Dass nun aber ausgerechnet unter einer grünen Regierung auch in der Asylfrage eine unmenschliche Abschottungspolitik droht, könnte die Partei in ihrem Mark erschüttern. Deutschland hätte dem Kompromiss in Luxemburg nicht zustimmen dürfen, kritisierte Parteichefin Ricarda Lang denn auch am Freitag. Die Migrationsexpertin der Grünen-Bundestagsfraktion, Filiz Polat, spricht von einem „Beispiel für das Einknicken vor rechten Narrativen auf Kosten der Menschenrechte“. Die aktuell die Partei anführenden Politiker Anton Hofreiter, Robert Habeck und Annalena Baerbock verloren sich in wehleidigen Phrasen, sprachen von einer „bitteren“ und „schmerzhaften“ Entscheidung, die zu treffen niemandem leicht gefallen sei. Die Menschenrechtsorganisation Amnesty International sprach dagegen Klartext: Die Beschlüsse seien „ein menschenrechtlicher Tabubruch“, erklärte Amnesty-Deutschland-Generalsekretär Markus Beeko.

Für die Grünen steht eine Zeitenwende an: Sie sollten sich zurückziehen und darüber nachdenken, welche Werte ihnen wirklich heilig sind.
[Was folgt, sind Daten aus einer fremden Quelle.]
(* Let $1<\alpha<2$, $w>0$ and $p,q\in\mathcal{P}_{\alpha,w}$. Then $$d_\alpha(T[p],T[q])\le \frac{2}{\alpha+1}\,d_\alpha(p,q).$$
   Context: For $\alpha\ge 1$ and $w>0$, $\mathcal{P}_{\alpha,w}$ is the set of probability densities $p$ on $[0,\infty)$ with $\int_0^\infty x\,p(x)\,dx=w$ and $\int_0^\infty x^\alpha p(x)\,dx<\infty$. For $p,q\in\mathcal{P}_{\alpha,w}$, $d_\alpha(p,q)=\sup_{s>0}\frac{|\mathcal{L}[p](s)-\mathcal{L}[q](s)|}{s^\alpha}$, where $\mathcal{L}[p](s)=\int_0^\infty e^{-sx}p(x)\,dx$ is the Laplace transform. For a probability density $p$ on $[0,\infty)$, $S[p](x)=\int_x^\infty \frac{p(u)}{u}\,du$ and $T[p](x)=\int_0^x S[p](x-v)\,S[p](v)\,dv$ for $x\ge0$. *)

theory Defs
  imports "HOL-Analysis.Analysis"
begin

text \<open>Probability densities on [0,infinity) are represented by functions real => real;
  only their values on {0..} matter.\<close>

definition prob_density_nonneg :: "(real \<Rightarrow> real) \<Rightarrow> bool" where
  "prob_density_nonneg p \<longleftrightarrow>
     p \<in> borel_measurable lborel \<and>
     (\<forall>x\<ge>0. 0 \<le> p x) \<and>
     set_integrable lborel {0..} p \<and>
     (\<integral>x\<in>{0..}. p x \<partial>lborel) = 1"

definition P_class :: "real \<Rightarrow> real \<Rightarrow> (real \<Rightarrow> real) set" where
  "P_class \<alpha> w = {p. prob_density_nonneg p \<and>
       set_integrable lborel {0..} (\<lambda>x. x * p x) \<and>
       (\<integral>x\<in>{0..}. x * p x \<partial>lborel) = w \<and>
       (\<integral>\<^sup>+x\<in>{0..}. ennreal (x powr \<alpha> * p x) \<partial>lborel) < \<infinity>}"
Ihre Popularität haben sie der Friedensbewegung und den Anhängern einer offenen Gesellschaft zu verdanken. Beide Gruppen haben die Grünen unablässig vor den Kopf gestoßen. In der Asyl-Frage müssen die Grünen nun „hardball“ spielen. Geht die jetzt angedachte Lösung mit den „Lagern“ durch, käme das der Selbstabschaffung der Grünen gleich. Es wäre für die Partei besser, in diesem Fall die Regierung unter lautem Protest, aber erhobenen Hauptes zu verlassen.